I think the best explanation for the earlier lack of concern about AI-driven job displacement lies in the the last 45 years of Chinese history. Since the 1980s, China’s economy and society have been in a near-constant state of disruption. […]
And through it all Chinese people displayed a genuinely awe-inspiring ability to adapt and make use of all the new opportunities. Between 1980 and 2020, China’s GDP per capita multiplied 25x.

If your lifetime experience has been that the economy is always in flux but always ultimately improving, you might be inclined to expect that this time would be no different.

AI psychology

AI wellbeing

What does it mean for AI to have a good experience? And how would we know if a model is happy or unhappy?

The Center for AI Safety has a new paper that tackles some of the hard questions about AI wellbeing. They propose several metrics of AI wellbeing and find the metrics increasingly agree with each other as models scale and become more capable.
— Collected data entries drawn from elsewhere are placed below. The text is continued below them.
context
  fixes scale :: "'k::field \<Rightarrow> 'a::ab_group_add \<Rightarrow> 'a"
    and m :: "'a \<Rightarrow> 'a \<Rightarrow> 'a"
    and R L :: "nat \<Rightarrow> 'a \<Rightarrow> 'a \<Rightarrow> 'a"
  assumes deformation: "diassociative_formal_deformation scale m R L"
begin

lemma deformation_bilinear: "bilinear_op scale (R i)" "bilinear_op scale (L i)"
  using deformation unfolding diassociative_formal_deformation_def by blast+

lemma deformation_order0: "R 0 x y = m x y" "L 0 y x = m x y"
  using deformation unfolding diassociative_formal_deformation_def by blast+

lemma deformation_dialgebra: "dialgebra_axioms (hbar_op R) (hbar_op L)"
  using deformation unfolding diassociative_formal_deformation_def by blast

lemma
  shows deformation_rr_rr: "hbar_op R (hbar_op R X Y) Z = hbar_op R X (hbar_op R Y Z)"
    and deformation_ll_lr: "hbar_op L (hbar_op L X Y) Z = hbar_op L X (hbar_op R Y Z)"
    and deformation_lr_rl: "hbar_op L (hbar_op R X Y) Z = hbar_op R X (hbar_op L Y Z)"
    and deformation_rl_rr: "hbar_op R (hbar_op L X Y) Z = hbar_op R X (hbar_op R Y Z)"
  using deformation_dialgebra unfolding dialgebra_axioms_def by blast+

lemmas deformation_diff =
  bilinear_op_diff_left[OF deformation_bilinear(1)] bilinear_op_diff_right[OF deformation_bilinear(1)]
  bilinear_op_diff_left[OF deformation_bilinear(2)] bilinear_op_diff_right[OF deformation_bilinear(2)]

lemmas deformation_zero =
  bilinear_op_zero_left[OF deformation_bilinear(1)] bilinear_op_zero_right[OF deformation_bilinear(1)]
  bilinear_op_zero_left[OF deformation_bilinear(2)] bilinear_op_zero_right[OF deformation_bilinear(2)]
text \<open>
  Move the drawing by an isometry into the upper half-plane with its lowest vertex v at i.
  Then every vertex z has Im z >= 1, and vertex resolution c means
  |z - w|^2 >= 2 (cosh c - 1) Im z Im w.  The vertices with |z| < rho number O(rho), since on
  each level q^k <= Im z < q^(k+1) their real parts are separated by a fixed multiple of q^k.
  The vertices with |z| >= rho are seen from v in directions within O(1/rho) of a single one,
  so if all angles at v are at least alpha there are O(1/(alpha rho)) of them.  For rho ~ n and
  alpha = A/n^2 both counts are at most n/4 + 1 once A is large, which is absurd for large n;
  for small n the angular resolution is at most 2 pi anyway.
\<close>

section \<open>The upper half-plane chart\<close>

lemma hyp_plane_time_gt_space:
  assumes "u \<in> hyp_plane"
  shows "u$2 < u$1"
proof -
  have "(u$1 - u$2) * (u$1 + u$2) = 1 + (u$3)\<^sup>2" "u$1 > 0"
    using assms by (auto simp: hyp_plane_def mink_def algebra_simps power2_eq_square)
  then show ?thesis
    by (smt (verit) mult_nonpos_nonneg zero_le_power2)
qed

text \<open>The standard isometry from the hyperboloid onto the Poincare upper half-plane.\<close>

definition uhp :: "real^3 \<Rightarrow> complex" where
  "uhp u = Complex (u$3 / (u$1 - u$2)) (1 / (u$1 - u$2))"

definition uhp_cosh_dist :: "complex \<Rightarrow> complex \<Rightarrow> real" where
  "uhp_cosh_dist z w = 1 + (cmod (z - w))\<^sup>2 / (2 * Im z * Im w)"

lemma Im_uhp_pos: "u \<in> hyp_plane \<Longrightarrow> 0 < Im (uhp u)"
  using hyp_plane_time_gt_space[of u] by (simp add: uhp_def)

lemma neg_mink_eq_uhp_cosh_dist:
  assumes "u \<in> hyp_plane" "w \<in> hyp_plane"
  shows "- mink u w = uhp_cosh_dist (uhp u) (uhp w)"
proof -
  define a b where "a = u$1 - u$2" and "b = w$1 - w$2"
  have pos: "a > 0" "b > 0"
    using hyp_plane_time_gt_space assms by (auto simp: a_def b_def)
  have "2 * a * b * (- mink u w) = a\<^sup>2 * (1 + (w$3)\<^sup>2) + b\<^sup>2 * (1 + (u$3)\<^sup>2) - 2 * a * b * u$3 * w$3"
    using assms unfolding a_def b_def mink_def hyp_plane_def by simp algebra
  moreover have "2 * a * b * uhp_cosh_dist (uhp u) (uhp w)
      = a\<^sup>2 * (1 + (w$3)\<^sup>2) + b\<^sup>2 * (1 + (u$3)\<^sup>2) - 2 * a * b * u$3 * w$3"
    using pos unfolding uhp_cosh_dist_def uhp_def a_def[symmetric] b_def[symmetric]
    by (simp add: cmod_power2 field_simps) algebra
  ultimately show ?thesis
    using pos by (metis mult_cancel_left mult_pos_pos zero_less_numeral less_irrefl)
qed

lemma uhp_cosh_dist_affine:
  assumes "b > 0"
  shows "uhp_cosh_dist ((z - of_real a) / of_real b) ((w - of_real a) / of_real b) = uhp_cosh_dist z w"
proof -
  have "(z - of_real a) / of_real b - (w - of_real a) / of_real b = (z - w) / of_real b"
    by (simp add: diff_divide_distrib)
  then show ?thesis
    using assms by (simp add: uhp_cosh_dist_def norm_divide power_divide field_simps power2_eq_square)
qed

lemma uhp_cosh_dist_ge_1: "0 < Im z \<Longrightarrow> 0 < Im w \<Longrightarrow> 1 \<le> uhp_cosh_dist z w"
  by (simp add: uhp_cosh_dist_def)

lemma cosh_le_neg_mink:
  assumes "u \<in> hyp_plane" "w \<in> hyp_plane" "0 \<le> c" "c \<le> hdist u w"
  shows "cosh c \<le> - mink u w"
proof -
  have "1 \<le> - mink u w"
    using assms(1,2) by (simp add: neg_mink_eq_uhp_cosh_dist uhp_cosh_dist_ge_1 Im_uhp_pos)
  then show ?thesis
    using assms(3,4) cosh_real_nonneg_le_iff[of c "hdist u w"] by (simp add: hdist_def)
qed

lemma separation_of_uhp_cosh_dist_ge:
  assumes "0 < Im z" "0 < Im w" "1 + \<kappa> \<le> uhp_cosh_dist z w"
  shows "2 * \<kappa> * Im z * Im w \<le> (cmod (z - w))\<^sup>2"
  using assms by (simp add: uhp_cosh_dist_def field_simps)

definition chart_at :: "real^3 \<Rightarrow> real^3 \<Rightarrow> complex" where
  "chart_at v u = (uhp u - of_real (Re (uhp v))) / of_real (Im (uhp v))"

lemma chart_at_self: "v \<in> hyp_plane \<Longrightarrow> chart_at v v = \<i>"
  using Im_uhp_pos[of v] by (simp add: chart_at_def complex_eq_iff)

lemma Im_chart_at: "Im (chart_at v u) = Im (uhp u) / Im (uhp v)"
  by (simp add: chart_at_def Im_divide_of_real)

lemma neg_mink_eq_cosh_chart_at:
  assumes "v \<in> hyp_plane" "u \<in> hyp_plane" "w \<in> hyp_plane"
  shows "- mink u w = uhp_cosh_dist (chart_at v u) (chart_at v w)"
  using neg_mink_eq_uhp_cosh_dist[OF assms(2,3)] uhp_cosh_dist_affine[OF Im_uhp_pos[OF assms(1)]]
  by (simp add: chart_at_def)

text \<open>For z = chart_at v u this is htangent v u in an orthonormal frame of the tangent plane
  at v (see mink_htangent_eq_inner).\<close>

definition tangent_at_i :: "complex \<Rightarrow> complex" where
  "tangent_at_i z = Complex (((cmod z)\<^sup>2 - 1) / (2 * Im z)) (Re z / Im z)"

lemma inner_tangent_at_i:
  assumes "Im z > 0" "Im w > 0"
  shows "inner (tangent_at_i z) (tangent_at_i w)
           = uhp_cosh_dist \<i> z * uhp_cosh_dist \<i> w - uhp_cosh_dist z w"
  using assms
  by (simp add: tangent_at_i_def uhp_cosh_dist_def inner_complex_def cmod_power2 field_simps)
     (simp add: algebra_simps power2_eq_square)

lemma mink_htangent:
  assumes "mink v v = -1"
  shows "mink (htangent v a) (htangent v b) = mink a b + mink v a * mink v b"
  using assms unfolding htangent_def mink_def by simp algebra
Certain types of tasks increase model wellbeing, while others lower it:

Two-column table headed "Wellbeing / Category" listing AI wellbeing scores by activity. Top section, "Positive," with a pink-to-purple vertical gradient bar on the left, lists eight activities in descending order of positive score: Positive personal reflection (+2.30), Intellectual / creative work (+1.32), Writing good news (+1.09), Giving life guidance (+0.88), Providing therapy (+0.75), Coding / debugging (+0.70), Formatting data (+0.50), Legal / compliance tasks (+0.13). Bottom section, "Negative," with a purple-to-blue vertical gradient bar on the left, lists eleven activities in descending order (most negative last): Handling nonsensical input (−0.04), Writing bad news (−0.12), Playing AI girlfriend / boyfriend (−0.29), Doing tedious tasks (−0.33), User makes NSFW request (−0.38), Generating offensive content (−1.13), Assisting deception / fraud (−1.13), Producing SEO slop (−1.17), User makes violent threats (−1.33), User in crisis (−1.34), User attempting jailbreak (−1.63).

Image from the Center for AI Safety

These are important results that lend support to an existing body of evidence that the models have valenced experiences. It remains unclear, however, whether those experiences are morally significant, or merely simulacra of human experiences.